Would it not be the case that they would normally be left with two categories of issues: (A) relatively trivial matters that can be readily dealt with in Biblical wisdom and grace, or (B) actual sins, which also can readily be dealt with by repentance, or may become objects of church discipline?
One more question. It may be loaded, but I ask sincerely: do you think that any marriage could be other than happy, where both husband and wife are constantly seeking God for grace heartily and individually to keep their wedding vows, and to fulfill His word? Where both are focusing on their own obligation before God, from the heart?

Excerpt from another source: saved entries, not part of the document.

(* Let $\gamma_*>0$ and let $\Phi$ denote the standard normal CDF. Define \[ t_+=\tfrac32\gamma_*+\tfrac{1}{\gamma_*}\log\left(1-\sqrt{1-e^{-\gamma_*}}\right),\qquad t_-=\tfrac32\gamma_*+\tfrac{1}{\gamma_*}\log\left(1+\sqrt{1-e^{-\gamma_*}}\right), \] and for $x\ne2\gamma_*$ \[ h(x)=\frac{\Phi(t_--x)-\Phi(t_--2\gamma_* )}{\Phi(t_+-x)-\Phi(t_+-2\gamma_* )}. \] Let $k=e^{-\frac12(t_--2\gamma_* )^2+\frac12(t_+-2\gamma_* )^2}$ and $c=\frac{k}{1+k}$. Then $\lim_{x\to2\gamma_*}h(x)=k$, $c\in(0,1)$, and \[ h(x)\le\frac{c}{1-c}\ \text{ if } x<2\gamma_*,\qquad h(x)\ge\frac{c}{1-c}\ \text{ if } x>2\gamma_*. \] *)

theory Defs
  imports "HOL-Probability.Probability"
begin

definition Phi :: "real \<Rightarrow> real" where
  "Phi x = cdf (density lborel std_normal_density) x"

definition t_plus :: "real \<Rightarrow> real" where
  "t_plus g = 3/2 * g + (1/g) * ln (1 - sqrt (1 - exp (-g)))"

definition t_minus :: "real \<Rightarrow> real" where
  "t_minus g = 3/2 * g + (1/g) * ln (1 + sqrt (1 - exp (-g)))"

definition h_fun :: "real \<Rightarrow> real \<Rightarrow> real" where
  "h_fun g x = (Phi (t_minus g - x) - Phi (t_minus g - 2*g)) /
               (Phi (t_plus g - x) - Phi (t_plus g - 2*g))"

definition k_const :: "real \<Rightarrow> real" where
  "k_const g = exp (- (1/2) * (t_minus g - 2*g)^2 + (1/2) * (t_plus g - 2*g)^2)"

definition c_const :: "real \<Rightarrow> real" where
  "c_const g = k_const g / (1 + k_const g)"

end

theory Submission
  imports Defs
begin

text \<open>Write \<phi> for the standard normal density and let a > b. Completing the square gives
  \<phi>(a + v) = k exp (- (a - b) v) \<phi>(b + v) with k = \<phi> a / \<phi> b, so v \<mapsto> \<Phi>(a + v) - k \<Phi>(b + v)
  increases for v \<le> 0 and decreases for v \<ge> 0; hence \<Phi>(a + u) - \<Phi> a \<le> k (\<Phi>(b + u) - \<Phi> b)
  for all u. Dividing by the second increment, which has the sign of u, bounds the ratio of the
  increments from above for u > 0 and from below for u < 0, and the ratio tends to k as u \<rightarrow> 0
  because \<Phi>' = \<phi>. With a = t_- - 2\<gamma>, b = t_+ - 2\<gamma> and u = 2\<gamma> - x the ratio is h(x); here a > b
  since t_- > t_+, the constant k of the theorem is \<phi> a / \<phi> b, and c / (1 - c) = k.\<close>

lemma Phi_eq_add_integral:
  assumes "x \<le> y"
  shows "Phi y = Phi x + integral {x..y} std_normal_density"
proof (cases "x = y")
  case False
  with assms have "x < y" by simp
  interpret real_distribution "density lborel std_normal_density"
    using real_dist_normal_dist .
  have "Phi y - Phi x = measure (density lborel std_normal_density) {x<..y}"
    unfolding Phi_def using cdf_diff_eq[OF \<open>x < y\<close>] .
  also have "\<dots> = integral\<^sup>L (density lborel std_normal_density) (indicator {x<..y})"
    by (simp add: emeasure_eq_measure)
  also have "\<dots> = integral\<^sup>L lborel (\<lambda>t. std_normal_density t *\<^sub>R indicator {x<..y} t)"
    by (rule integral_density) auto
  also have "\<dots> = (LINT t:{x<..y}|lborel. std_normal_density t)"
    unfolding set_lebesgue_integral_def by (simp add: mult.commute)
  also have "\<dots> = integral {x<..y} std_normal_density"
    by (rule set_borel_integral_eq_integral, unfold set_integrable_def,
        rule integrable_mult_indicator) auto
  also have "\<dots> = integral {x..y} std_normal_density"
    by (rule integral_spike_set) (auto intro: negligible_subset[of "{x}"])
  finally show ?thesis by simp
qed simp

lemma continuous_on_std_normal_density: "continuous_on S std_normal_density"
  unfolding std_normal_density_def by (intro continuous_intros) auto

lemma Phi_has_real_derivative: "(Phi has_real_derivative std_normal_density x) (at x)"
proof -
  have "((\<lambda>u. integral {x - 1..u} std_normal_density) has_real_derivative std_normal_density x)
      (at x within {x - 1..x + 1})"
    by (rule integral_has_real_derivative) (auto simp: continuous_on_std_normal_density)
  then have "((\<lambda>u. Phi (x - 1) + integral {x - 1..u} std_normal_density)
      has_real_derivative std_normal_density x) (at x)"
    using at_within_Icc_at[of "x - 1" x "x + 1"] by (auto intro!: derivative_eq_intros)
  then show ?thesis
    by (rule has_field_derivative_transform_within_open[where S = "{x - 1<..<x + 1}"])
       (auto intro!: Phi_eq_add_integral[symmetric])
qed

lemma strict_mono_Phi: "strict_mono Phi"
  by (rule strict_monoI, rule DERIV_pos_imp_increasing)
     (auto intro!: Phi_has_real_derivative normal_density_pos)

lemma std_normal_density_shift:
  "std_normal_density (a + v)
     = std_normal_density a / std_normal_density b * exp (- (a - b) * v) * std_normal_density (b + v)"
proof -
  have "- (a + v)\<^sup>2 / 2 = (- a\<^sup>2 / 2 - - b\<^sup>2 / 2) + - (a - b) * v + - (b + v)\<^sup>2 / 2"
    by (simp add: power2_eq_square field_simps)
  then have "exp (- (a + v)\<^sup>2 / 2)
      = exp (- a\<^sup>2 / 2) / exp (- b\<^sup>2 / 2) * exp (- (a - b) * v) * exp (- (b + v)\<^sup>2 / 2)"
    by (simp only: exp_add exp_diff)
  then show ?thesis
    unfolding std_normal_density_def by simp
qed

lemma Phi_increment_le:
  fixes a b u :: real
  assumes "b < a"
  defines "k \<equiv> std_normal_density a / std_normal_density b"
  shows "Phi (a + u) - Phi a \<le> k * (Phi (b + u) - Phi b)"
proof -
  define F where "F v = Phi (a + v) - k * Phi (b + v)" for v
  have F_deriv: "(F has_real_derivative std_normal_density (a + v) - k * std_normal_density (b + v)) (at v)"
    for v
    unfolding F_def by (auto intro!: derivative_eq_intros DERIV_chain2[OF Phi_has_real_derivative])
  have F_deriv_eq: "std_normal_density (a + v) - k * std_normal_density (b + v)
      = k * std_normal_density (b + v) * (exp (- (a - b) * v) - 1)" for v
    unfolding std_normal_density_shift[of a v b] k_def by (simp add: right_diff_distrib diff_divide_distrib mult_ac)
  have k_nonneg: "0 \<le> k * std_normal_density (b + v)" for v
    by (simp add: k_def)
  have "F u \<le> F 0"
  proof (cases "0 \<le> u")
    case True
    show ?thesis
    proof (rule DERIV_nonpos_imp_nonincreasing[OF True])
      fix v :: real assume "0 \<le> v"
      then have "exp (- (a - b) * v) \<le> 1"
        using assms by (simp add: mult_nonpos_nonneg)
      then show "\<exists>y. (F has_real_derivative y) (at v) \<and> y \<le> 0"
        using F_deriv F_deriv_eq k_nonneg by (metis diff_le_0_iff_le mult_nonneg_nonpos)
    qed
  next
    case False
    show ?thesis
    proof (rule DERIV_nonneg_imp_nondecreasing[of u 0 F])
      show "u \<le> 0" using False by simp
      fix v :: real assume "u \<le> v" "v \<le> 0"
      then have "1 \<le> exp (- (a - b) * v)"
        using assms by (simp add: mult_nonpos_nonpos)
      then show "\<exists>y. (F has_real_derivative y) (at v) \<and> 0 \<le> y"
        using F_deriv F_deriv_eq k_nonneg by (metis diff_ge_0_iff_ge mult_nonneg_nonneg)
    qed
  qed
  then show ?thesis
    unfolding F_def by (simp add: algebra_simps)
qed

definition Phi_increment_ratio :: "real \<Rightarrow> real \<Rightarrow> real \<Rightarrow> real" where
  "Phi_increment_ratio a b u = (Phi (a + u) - Phi a) / (Phi (b + u) - Phi b)"

lemma Phi_increment_ratio_le:
  assumes "b < a" and "0 < u"
  shows "Phi_increment_ratio a b u \<le> std_normal_density a / std_normal_density b"
proof -
  have "0 < Phi (b + u) - Phi b"
    using strict_monoD[OF strict_mono_Phi, of b "b + u"] assms(2) by simp
  with Phi_increment_le[OF assms(1), of u] show ?thesis
    unfolding Phi_increment_ratio_def by (simp add: pos_divide_le_eq)
qed

lemma Phi_increment_ratio_ge:
  assumes "b < a" and "u < 0"
  shows "std_normal_density a / std_normal_density b \<le> Phi_increment_ratio a b u"
proof -
  have "Phi (b + u) - Phi b < 0"
    using strict_monoD[OF strict_mono_Phi, of "b + u" b] assms(2) by simp
  with Phi_increment_le[OF assms(1), of u] show ?thesis
    unfolding Phi_increment_ratio_def by (simp add: neg_le_divide_eq mult.commute)
qed

lemma Phi_difference_quotient_tendsto:
  "((\<lambda>u. (Phi (a + u) - Phi a) / u) \<longlongrightarrow> std_normal_density a) (at 0)"
  using Phi_has_real_derivative[of a] unfolding DERIV_def by simp

lemma Phi_increment_ratio_tendsto:
  "(Phi_increment_ratio a b \<longlongrightarrow> std_normal_density a / std_normal_density b) (at 0)"
proof -
  have "((\<lambda>u. ((Phi (a + u) - Phi a) / u) / ((Phi (b + u) - Phi b) / u))
      \<longlongrightarrow> std_normal_density a / std_normal_density b) (at 0)"
    using normal_density_pos[of 1 0 b]
    by (intro tendsto_divide Phi_difference_quotient_tendsto) auto
  moreover have "\<forall>\<^sub>F u in at 0. ((Phi (a + u) - Phi a) / u) / ((Phi (b + u) - Phi b) / u)
      = Phi_increment_ratio a b u"
    unfolding eventually_at_filter Phi_increment_ratio_def by simp
  ultimately show ?thesis
    by (rule Lim_transform_eventually)
qed

lemma t_plus_less_t_minus:
  assumes "0 < g"
  shows "t_plus g < t_minus g"
proof -
  have s: "0 < sqrt (1 - exp (- g))" "sqrt (1 - exp (- g)) < 1"
    using assms by (simp_all add: real_sqrt_less_iff)
  have "ln (1 - sqrt (1 - exp (- g))) < ln (1 + sqrt (1 - exp (- g)))"
    by (rule ln_less_cancel_iff[THEN iffD2]) (use s in linarith)+
  with assms show ?thesis
    unfolding t_plus_def t_minus_def by (simp add: divide_strict_right_mono)
qed

lemma h_fun_eq_Phi_increment_ratio:
  "h_fun g x = Phi_increment_ratio (t_minus g - 2 * g) (t_plus g - 2 * g) (2 * g - x)"
  unfolding h_fun_def Phi_increment_ratio_def by simp

lemma k_const_eq_density_ratio:
  "k_const g = std_normal_density (t_minus g - 2 * g) / std_normal_density (t_plus g - 2 * g)"
  unfolding k_const_def std_normal_density_def by (simp add: exp_diff[symmetric])

theorem lemma7:
  fixes \<gamma> :: real
  assumes "\<gamma> > 0"
  shows "(h_fun \<gamma> \<longlongrightarrow> k_const \<gamma>) (at (2*\<gamma>))
         \<and> 0 < c_const \<gamma> \<and> c_const \<gamma> < 1
         \<and> (\<forall>x. x < 2*\<gamma> \<longrightarrow> h_fun \<gamma> x \<le> c_const \<gamma> / (1 - c_const \<gamma>))
         \<and> (\<forall>x. x > 2*\<gamma> \<longrightarrow> h_fun \<gamma> x \<ge> c_const \<gamma> / (1 - c_const \<gamma>))"
proof -
  define a b where "a = t_minus \<gamma> - 2 * \<gamma>" and "b = t_plus \<gamma> - 2 * \<gamma>"
  have "b < a"
    using t_plus_less_t_minus[OF assms] by (simp add: a_def b_def)
  have h_eq: "h_fun \<gamma> x = Phi_increment_ratio a b (2 * \<gamma> - x)" for x
    unfolding a_def b_def by (rule h_fun_eq_Phi_increment_ratio)
  have k_eq: "k_const \<gamma> = std_normal_density a / std_normal_density b"
    unfolding a_def b_def by (rule k_const_eq_density_ratio)
  have "0 < k_const \<gamma>"
    by (simp add: k_const_def)
  then have c_bounds: "0 < c_const \<gamma> \<and> c_const \<gamma> < 1" and c_odds: "c_const \<gamma> / (1 - c_const \<gamma>) = k_const \<gamma>"
    unfolding c_const_def by (simp_all add: field_simps)
  have "filterlim (\<lambda>x. 2 * \<gamma> - x) (at 0) (at (2 * \<gamma>))"
    unfolding filterlim_at eventually_at_filter by (auto intro!: tendsto_eq_intros)
  then have "(h_fun \<gamma> \<longlongrightarrow> k_const \<gamma>) (at (2 * \<gamma>))"
    unfolding h_eq k_eq by (rule filterlim_compose[OF Phi_increment_ratio_tendsto])
  moreover have "\<forall>x. x < 2 * \<gamma> \<longrightarrow> h_fun \<gamma> x \<le> k_const \<gamma>"
    unfolding h_eq k_eq using Phi_increment_ratio_le[OF \<open>b < a\<close>] by simp
  moreover have "\<forall>x. x > 2 * \<gamma> \<longrightarrow> h_fun \<gamma> x \<ge> k_const \<gamma>"
    unfolding h_eq k_eq using Phi_increment_ratio_ge[OF \<open>b < a\<close>] by simp
  ultimately show ?thesis
    using c_bounds c_odds by simp
qed

end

I close with a reflection on this penetrating thought, these powerful words, from C. S. Lewis:
To this someone may reply that he regarded the promise made in church as a mere formality and never intended to keep it. Whom, then, was he trying to deceive when he made it? God? That was really very unwise. Himself? That was not very much wiser. The bride, or bridegroom, or the "in-laws"? That was treacherous. Most often, I think, the couple (or one of them) hoped to deceive the public. They wanted the respectability that is attached to marriage without intending to pay the price: that is, they were imposters, they cheated. If they are still contented cheats, I have nothing to say to them: who would urge the high and hard duty of chastity on the people who have not yet wished to be merely honest? If they have now come to their senses and want to be honest, their promise, already made, constrains them. (Mere Christianity [Macmillan: 1960], p. 97)Lewis, I believe, specifically had marital fidelity in mind. But why stop there? If one is expected to keep the promise about "forsaking all other," why not also his promise to "love her, comfort her, honour, and keep her in sickness and in health," or her promise to "obey him, and serve him, love, honour, and keep him in sickness and in health"?
The Christian promised God that he would keep these vows. The Christian led his spouse to believe she could wager her entire life on his personal commitment before God to those sacred vows.
What if Christian married people were actually expected to know, remember, and honor their wedding vows?